Your response must be an exact transcription of the lines from the one containing "by (intro mult_mono) auto" through the final line of the data.

** Data for processing follows **

lemma tendsto_Phi_at_top:
  fixes \<alpha> b :: real assumes \<alpha>: "0 < \<alpha>" "\<alpha> < 1/2" and b: "b \<ge> 0"
  shows "((\<lambda>t. Phi \<alpha> (b / t\<^sup>2) 1) \<longlongrightarrow> Phi \<alpha> 0 1) at_top"
  unfolding Phi_def
proof (rule integral_dominated_convergence_at_top[OF _ _ integrable_Phi_majorant[OF \<alpha>]])
  have shrink: "((\<lambda>t. b / t\<^sup>2) \<longlongrightarrow> 0) at_top"
    by (intro tendsto_divide_0[OF tendsto_const] filterlim_at_top_imp_at_infinity
        filterlim_pow_at_top filterlim_ident) simp
  have "((\<lambda>t. Phi_density \<alpha> (b / t\<^sup>2) 1 x) \<longlongrightarrow> Phi_density \<alpha> 0 1 x) at_top" for x
  proof (cases "x > 0")
    case True
    then have "isCont (\<lambda>\<epsilon>. Phi_density \<alpha> \<epsilon> 1 x) 0"
      unfolding Phi_density_def by (intro continuous_intros) auto
    from isCont_tendsto_compose[OF this shrink] show ?thesis .
  qed (simp add: Phi_density_def)
  then show "AE x in lborel. ((\<lambda>t. Phi_density \<alpha> (b / t\<^sup>2) 1 x) \<longlongrightarrow> Phi_density \<alpha> 0 1 x) at_top"
    by simp
  show "\<forall>\<^sub>F t in at_top. AE x in lborel. norm (Phi_density \<alpha> (b / t\<^sup>2) 1 x) \<le> Phi_majorant \<alpha> x"
    using abs_Phi_density_le_majorant b by (intro always_eventually allI AE_I2) simp
qed simp_all

lemma integrable_spec_dens:
  fixes C \<alpha> \<beta> :: real
  assumes "0 \<le> C" "\<alpha> < 1/2" "0 \<le> \<beta>" "\<alpha> + \<beta> > 1/2"
  shows "integrable lborel (spec_dens C \<alpha> \<beta>)"
proof (rule integrable_lborel_powr_bounds[where p = "2 * \<alpha>" and q = "2 * \<alpha> + 2 * \<beta>" and D = C])
  show "spec_dens C \<alpha> \<beta> \<in> borel_measurable borel"
    unfolding spec_dens_def by measurable
next
  fix x :: real
  have "(1 + x\<^sup>2) powr (-\<beta>) \<le> 1"
    using assms powr_mono[of "-\<beta>" 0 "1 + x\<^sup>2"] zero_le_power2[of x] by (auto split: if_splits)
  then show "\<bar>spec_dens C \<alpha> \<beta> x\<bar> \<le> C * \<bar>x\<bar> powr (- (2 * \<alpha>))"
    using assms unfolding spec_dens_def by (simp add: abs_mult mult_left_le)
next
  fix x :: real assume x: "\<bar>x\<bar> > 1"
  have "(1 + x\<^sup>2) powr (-\<beta>) \<le> (x\<^sup>2) powr (-\<beta>)"
    by (rule powr_mono2') (use assms x in auto)
  also have "\<dots> = \<bar>x\<bar> powr (-2 * \<beta>)"
    using x by (simp add: power2_powr)
  finally have "(1 + x\<^sup>2) powr (-\<beta>) \<le> \<bar>x\<bar> powr (-2 * \<beta>)" .
  then have "\<bar>spec_dens C \<alpha> \<beta> x\<bar> \<le> C * \<bar>x\<bar> powr (-2 * \<alpha>) * \<bar>x\<bar> powr (-2 * \<beta>)"
    using assms unfolding spec_dens_def by (simp add: abs_mult mult_left_mono)
  also have "\<dots> = C * \<bar>x\<bar> powr (- (2 * \<alpha> + 2 * \<beta>))"
    by (simp add: mult.assoc flip: powr_add)
  finally show "\<bar>spec_dens C \<alpha> \<beta> x\<bar> \<le> C * \<bar>x\<bar> powr (- (2 * \<alpha> + 2 * \<beta>))" .
qed (use assms in auto)

lemma integrable_abs_powr_gaussian:
  fixes \<alpha> b :: real
  assumes "0 \<le> \<alpha>" "\<alpha> < 1/2" "b > 0"
  shows "integrable lborel (\<lambda>x. \<bar>x\<bar> powr (-2 * \<alpha>) * exp (-(b * x\<^sup>2)))"
proof (rule integrable_lborel_powr_bounds[where p = "2 * \<alpha>" and q = 2 and D = "max 1 (1 / b)"])
  fix x :: real
  have "\<bar>x\<bar> powr (-2 * \<alpha>) * exp (-(b * x\<^sup>2)) \<le> \<bar>x\<bar> powr (-2 * \<alpha>)"
    using assms by (intro mult_left_le) auto
  also have "\<dots> \<le> max 1 (1 / b) * \<bar>x\<bar> powr (-2 * \<alpha>)"
    using mult_right_mono[of 1 "max 1 (1 / b)" "\<bar>x\<bar> powr (-2 * \<alpha>)"] by simp
  finally show "\<bar>\<bar>x\<bar> powr (-2 * \<alpha>) * exp (-(b * x\<^sup>2))\<bar> \<le> max 1 (1 / b) * \<bar>x\<bar> powr (- (2 * \<alpha>))"
    by simp
next
  fix x :: real assume x: "\<bar>x\<bar> > 1"
  have "b * x\<^sup>2 \<le> exp (b * x\<^sup>2)"
    using exp_ge_add_one_self[of "b * x\<^sup>2"] by linarith
  then have "exp (-(b * x\<^sup>2)) \<le> 1 / (b * x\<^sup>2)"
    using assms x by (simp add: exp_minus field_simps)
  moreover have "\<bar>x\<bar> powr (-2 * \<alpha>) \<le> 1"
    using assms x powr_mono[of "-2 * \<alpha>" 0 "\<bar>x\<bar>"] by (auto split: if_splits)
  ultimately have "\<bar>x\<bar> powr (-2 * \<alpha>) * exp (-(b * x\<^sup>2)) \<le> 1 * (1 / (b * x\<^sup>2))"
    by (intro mult_mono) auto
  also have "\<dots> \<le> max 1 (1 / b) * \<bar>x\<bar> powr (-2)"
    using x assms by (simp add: powr_minus power2_eq_square divide_simps)
  finally show "\<bar>\<bar>x\<bar> powr (-2 * \<alpha>) * exp (-(b * x\<^sup>2))\<bar> \<le> max 1 (1 / b) * \<bar>x\<bar> powr (-2)"
    by simp
qed (use assms in auto)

** End of Data for processing **

Answer below:
    by (intro mult_mono) auto
  also have "\<dots> \<le> max 1 (1 / b) * \<bar>x\<bar> powr (-2)"
    using x assms by (simp add: powr_minus power2_eq_square divide_simps)
  finally show "\<bar>\<bar>x\<bar> powr (-2 * \<alpha>) * exp (-(b * x\<^sup>2))\<bar> \<le> max 1 (1 / b) * \<bar>x\<bar> powr (-2)"
    by simp
qed (use assms in auto)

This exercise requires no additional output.